La cooperación Varsovia–Budapest podría acelerar proyectos como la interconexión energética regional, el corredor ferroviario Báltico‑Adriático o la defensa conjunta contra la influencia rusa. Al mismo tiempo, ambos países podrían coordinarse para suavizar ciertas políticas europeas, especialmente en materia migratoria. Para Bruselas, que confiaba en reducir el margen de maniobra de Polonia tras la salida de Orbán, esta nueva entente significa que Varsovia recuperará protagonismo en el Consejo y el Parlamento europeos.

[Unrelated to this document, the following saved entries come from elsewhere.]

text \<open>Call x a cut point if no integer below x jumps over it, i.e. f y \<le> x for all y < x.
  Every y \<le> x then lies in D(x), so cut points are successful, and the orbit of a cut point passes
  through every successful integer above it. Since the a_n are independent with finite mean and
  P[a_0 = 1] > 0, each integer is a cut point with probability bounded away from 0, and Kolmogorov's
  zero-one law gives almost surely infinitely many cut points in both directions. Consequently, if 0
  is ephemeral there is exactly one successful m with 0 in tilde D^e(m), namely n^(d), and exactly
  one with 0 in L(m), namely n^(l); if 0 is successful that m is 0 itself. Both identities are then
  the mass transport principle for the diagonally invariant transport in which every successful m
  sends mass g(m, n) to each n in tilde D^e(m), respectively L(m).\<close>

section \<open>Cut points of a strictly increasing map\<close>

definition cut_point :: "(int \<Rightarrow> int) \<Rightarrow> int \<Rightarrow> bool" where
  "cut_point f x \<longleftrightarrow> (\<forall>y<x. f y \<le> x)"

locale forward_map =
  fixes f :: "int \<Rightarrow> int"
  assumes less_map: "\<And>n. n < f n"
begin

lemma funpow_ge: "m + int j \<le> (f ^^ j) m"
proof (induction j)
  case (Suc j)
  then show ?case using less_map[of "(f ^^ j) m"] by simp
qed simp

lemma strict_mono_orbit: "strict_mono (\<lambda>j. (f ^^ j) m)"
  by (simp add: strict_mono_Suc_iff less_map)

lemma orbit_less_iff: "(f ^^ i) m < (f ^^ j) m \<longleftrightarrow> i < j"
  using strict_mono_less[OF strict_mono_orbit] .

lemma orbit_eq_iff: "(f ^^ i) m = (f ^^ j) m \<longleftrightarrow> i = j"
  using strict_mono_eq[OF strict_mono_orbit] .

lemma orbit_in_desc: "m \<in> desc f ((f ^^ j) m)"
  unfolding desc_def by auto

lemma self_in_desc: "n \<in> desc f n"
  using orbit_in_desc[of n 0] by simp

lemma desc_le:
  assumes "m \<in> desc f n"
  shows "m \<le> n"
proof -
  obtain j where "(f ^^ j) m = n"
    using assms by (auto simp: desc_def)
  then show ?thesis
    using funpow_ge[of m j] by linarith
qed

lemma desc_trans:
  assumes "y \<in> desc f x" "x \<in> desc f z"
  shows "y \<in> desc f z"
proof -
  obtain i j where "(f ^^ i) y = x" "(f ^^ j) x = z"
    using assms by (auto simp: desc_def)
  then have "(f ^^ (j + i)) y = z"
    by (simp add: funpow_add)
  then show ?thesis
    by (auto simp: desc_def)
qed

lemma successful_iff_unbounded: "n \<in> successful f \<longleftrightarrow> (\<forall>N. \<exists>m\<in>desc f n. m < N)"
proof
  assume "n \<in> successful f"
  show "\<forall>N. \<exists>m\<in>desc f n. m < N"
  proof
    fix N
    have "\<not> desc f n \<subseteq> {N..n}"
      using \<open>n \<in> successful f\<close> finite_subset by (auto simp: successful_def)
    then obtain m where "m \<in> desc f n" "m \<notin> {N..n}" by blast
    then show "\<exists>m\<in>desc f n. m < N" using desc_le by force
  qed
next
  assume unbounded: "\<forall>N. \<exists>m\<in>desc f n. m < N"
  show "n \<in> successful f"
  proof (unfold successful_def, intro CollectI notI)
    assume "finite (desc f n)"
    then show False
      using unbounded[rule_format, of "Min (desc f n)"] Min_le by (meson not_le)
  qed
qed

lemma successful_orbit: "n \<in> successful f \<Longrightarrow> (f ^^ j) n \<in> successful f"
  unfolding successful_iff_unbounded by (meson desc_trans orbit_in_desc)

lemma cut_point_desc:
  assumes "cut_point f x" "y \<le> x"
  shows "y \<in> desc f x"
  using assms(2)
proof (induction "nat (x - y)" arbitrary: y rule: less_induct)
  case less
  show ?case
  proof (cases "y = x")
    case False
    then have "f y \<in> desc f x"
      using assms(1) less less_map[of y] by (auto simp: cut_point_def)
    then show ?thesis
      using desc_trans[OF orbit_in_desc[of y 1]] by simp
  qed (simp add: self_in_desc)
qed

Ecos populares y advertencias
Entre los ciudadanos de Europa Central reina una mezcla de alivio y escepticismo. Muchos celebran la derrota de Orbán como un momento histórico y esperan que Hungría reconstruya sus instituciones democráticas. Otros recuerdan que Magyar podría ser un “caballo de Troya”, al mantener estructuras conservadoras y alianzas empresariales de la era Fidesz. Comentarios en foros subrayan que no será un gobierno “woke”, sino un proyecto pragmático centrado en la justicia y la eficiencia económica. Hay quien critica que Bruselas condiciona la entrega de fondos a la adopción de sus políticas, acusándola de chantaje y de haber tolerado demasiado tiempo el autoritarismo húngaro.

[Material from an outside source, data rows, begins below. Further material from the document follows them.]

theorem proposition2p13:
  fixes J :: "'a::{real_inner, complete_space, second_countable_topology} \<Rightarrow> 'a"
    and \<omega> :: "'a \<Rightarrow> 'a \<Rightarrow> complex"
    and W :: "'a set"
  assumes "complex_structure J"
    and "strong_symplectic J \<omega>"
    and "signature_inf_inf J \<omega>"
    and "max_pos_def J \<omega> W"
    and "\<not> max_cpos_def J \<omega> W"
  shows "W \<inter> sperp \<omega> W = {0}
    \<and> closure {w + v | w v. w \<in> W \<and> v \<in> sperp \<omega> W} = UNIV
    \<and> {w + v | w v. w \<in> W \<and> v \<in> sperp \<omega> W} \<noteq> UNIV"
proof (intro conjI)
  have W: "csubspace J W" "closed W" "pos_def \<omega> W"
    using assms(4) by (simp_all add: max_pos_def_def)
  show trivial: "W \<inter> sperp \<omega> W = {0}"
    using pos_def_inter_sperp[OF assms(2) _ W(3)] W(1) by (simp add: csubspace_def)
  show "closure {w + v | w v. w \<in> W \<and> v \<in> sperp \<omega> W} = UNIV"
    using closure_sum_sperp_eq_UNIV[OF assms(1,2) W(1,2) trivial] .
  show "{w + v | w v. w \<in> W \<and> v \<in> sperp \<omega> W} \<noteq> UNIV"
    using coercive_if_sum_sperp_eq_UNIV[OF assms(1,2) W(1,3)] assms(4,5)
    unfolding max_cpos_def_def by blast
qed

end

También hay voces que ven en la elección una victoria de la juventud, hastiada de la corrupción y la nostalgia del pasado. La comparación con Polonia es recurrente: muchos destacan que los conservadores polacos nunca toleraron las relaciones de Orbán con Moscú y celebran la caída del «último amigo de Putin» en la UE. Sin embargo, persiste el temor de que la burocracia europea repita sus errores, confunda una alternancia con una transformación y devuelva el control a las mismas élites que han capturado el Estado durante década y media.

Conclusión
La victoria de Péter Magyar abre una oportunidad para Hungría y para la Unión Europea. Pero la euforia inicial de Bruselas puede transformarse en frustración si no se abordan los obstáculos estructurales. La UE debe acompañar la transición con recursos y asesoramiento, sin caer en la complacencia ni imponer recetas que alimenten el euroescepticismo. Hungría necesita reformas profundas para deshacer el entramado legal y clientelar del orbanismo; de lo contrario, un nuevo gobierno podría quedarse paralizado antes de empezar.

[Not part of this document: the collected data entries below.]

lemma min_ratio_shift:
  fixes a c :: "'b \<Rightarrow> real"
  assumes "finite A" and a_nonneg: "\<forall>j\<in>A. 0 \<le> a j" and "\<exists>j\<in>A. 0 < c j"
  obtains t i where "0 \<le> t" "i \<in> A" "a i - t * c i = 0" "\<forall>j\<in>A. 0 \<le> a j - t * c j"
proof -
  define J where "J = {j\<in>A. 0 < c j}"
  have "finite J" "J \<noteq> {}" using assms unfolding J_def by auto
  define t where "t = Min ((\<lambda>j. a j / c j) ` J)"
  have "t \<in> (\<lambda>j. a j / c j) ` J"
    unfolding t_def using \<open>finite J\<close> \<open>J \<noteq> {}\<close> by (intro Min_in) auto
  then obtain i where i: "i \<in> J" "t = a i / c i" by blast
  have t_le: "t \<le> a j / c j" if "j \<in> J" for j
    unfolding t_def using \<open>finite J\<close> that by simp
  have "0 \<le> t" using i a_nonneg unfolding J_def by simp
  moreover have "0 \<le> a j - t * c j" if "j \<in> A" for j
  proof (cases "0 < c j")
    case True
    then show ?thesis using t_le[of j] that unfolding J_def by (simp add: le_divide_eq)
  next
    case False
    then have "t * c j \<le> 0" using \<open>0 \<le> t\<close> by (simp add: mult_nonneg_nonpos)
    then show ?thesis using a_nonneg that by fastforce
  qed
  moreover have "a i - t * c i = 0" using i unfolding J_def by simp
  ultimately show ?thesis using that i(1) unfolding J_def by blast
qed

locale minimal_overlap =
  fixes S T :: "'a::euclidean_space set"
  assumes finite_S: "finite S" and finite_T: "finite T" and disjoint: "S \<inter> T = {}"
    and overlap: "pos S \<inter> pos T \<noteq> {0}"
    and minimal_S: "\<And>v. v \<in> S \<Longrightarrow> pos (S - {v}) \<inter> pos T = {0}"
    and minimal_T: "\<And>w. w \<in> T \<Longrightarrow> pos S \<inter> pos (T - {w}) = {0}"
begin

text \<open>Balanced functions are the dependencies; as S and T are disjoint, one function on
  S \<union> T records a representation in pos S together with one in pos T.\<close>
definition balanced :: "('a \<Rightarrow> real) \<Rightarrow> bool" where
  "balanced c \<longleftrightarrow> (\<Sum>v\<in>S. c v *\<^sub>R v) = (\<Sum>w\<in>T. c w *\<^sub>R w)"

lemma finite_S_T: "finite (S \<union> T)"
  using finite_S finite_T by simp

lemma balanced_diff_scaled:
  assumes "balanced a" "balanced c"
  shows "balanced (\<lambda>i. a i - t * c i)"
  using assms unfolding balanced_def
  by (simp add: scaleR_diff_left sum_subtractf flip: scaleR_scaleR scaleR_sum_right)

lemma obtain_balanced:
  assumes "y \<in> pos S" "y \<in> pos T"
  obtains c where "balanced c" "\<forall>i\<in>S \<union> T. 0 \<le> c i" "(\<Sum>v\<in>S. c v *\<^sub>R v) = y"
proof -
  obtain a where a: "y = (\<Sum>v\<in>S. a v *\<^sub>R v)" "\<forall>v\<in>S. 0 \<le> a v"
    using assms(1) unfolding pos_def by blast
  obtain b where b: "y = (\<Sum>w\<in>T. b w *\<^sub>R w)" "\<forall>w\<in>T. 0 \<le> b w"
    using assms(2) unfolding pos_def by blast
  define c where "c i = (if i \<in> S then a i else b i)" for i
  have S_sum: "(\<Sum>v\<in>S. c v *\<^sub>R v) = y" unfolding a c_def by (rule sum.cong) auto
  moreover have "(\<Sum>w\<in>T. c w *\<^sub>R w) = y"
    unfolding b c_def using disjoint by (intro sum.cong) auto
  ultimately have "balanced c" unfolding balanced_def by simp
  moreover have "\<forall>i\<in>S \<union> T. 0 \<le> c i" using a b unfolding c_def by auto
  ultimately show ?thesis using that S_sum by blast
qed

lemma balanced_zero_coeff:
  assumes "balanced c" "\<forall>j\<in>S \<union> T. 0 \<le> c j" "i \<in> S \<union> T" "c i = 0"
  shows "(\<Sum>v\<in>S. c v *\<^sub>R v) = 0"
proof -
  define y where "y = (\<Sum>v\<in>S. c v *\<^sub>R v)"
  have y_T: "y = (\<Sum>w\<in>T. c w *\<^sub>R w)" using assms(1) unfolding y_def balanced_def .
  have "y \<in> pos S" unfolding y_def using assms(2) by (auto intro: sum_scaleR_in_pos)
  have "y \<in> pos T" unfolding y_T using assms(2) by (auto intro: sum_scaleR_in_pos)
  consider "i \<in> S" | "i \<in> T" using assms(3) by blast
  then have "y = 0"
  proof cases
    case 1
    have "y \<in> pos (S - {i})"
      unfolding y_def using assms(2,4) finite_S 1 by (intro sum_scaleR_in_pos_Diff) auto
    then show ?thesis using minimal_S[OF 1] \<open>y \<in> pos T\<close> by blast
  next
    case 2
    have "y \<in> pos (T - {i})"
      unfolding y_T using assms(2,4) finite_T 2 by (intro sum_scaleR_in_pos_Diff) auto
    then show ?thesis using minimal_T[OF 2] \<open>y \<in> pos S\<close> by blast
  qed
  then show ?thesis unfolding y_def .
qed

Al mismo tiempo, Polonia refuerza su posición como mediador entre el Este y el Oeste de Europa. La cooperación entre Varsovia y Budapest puede impulsar la defensa del Estado de derecho y acelerar proyectos estratégicos, pero también desafiar ciertas directrices de Bruselas. En este tablero en movimiento, el mayor error de cálculo sería creer que la derrota de Orbán soluciona automáticamente todos los problemas. La historia reciente demuestra que los populismos se reinventan y que la reconstrucción democrática es un proceso largo y frágil.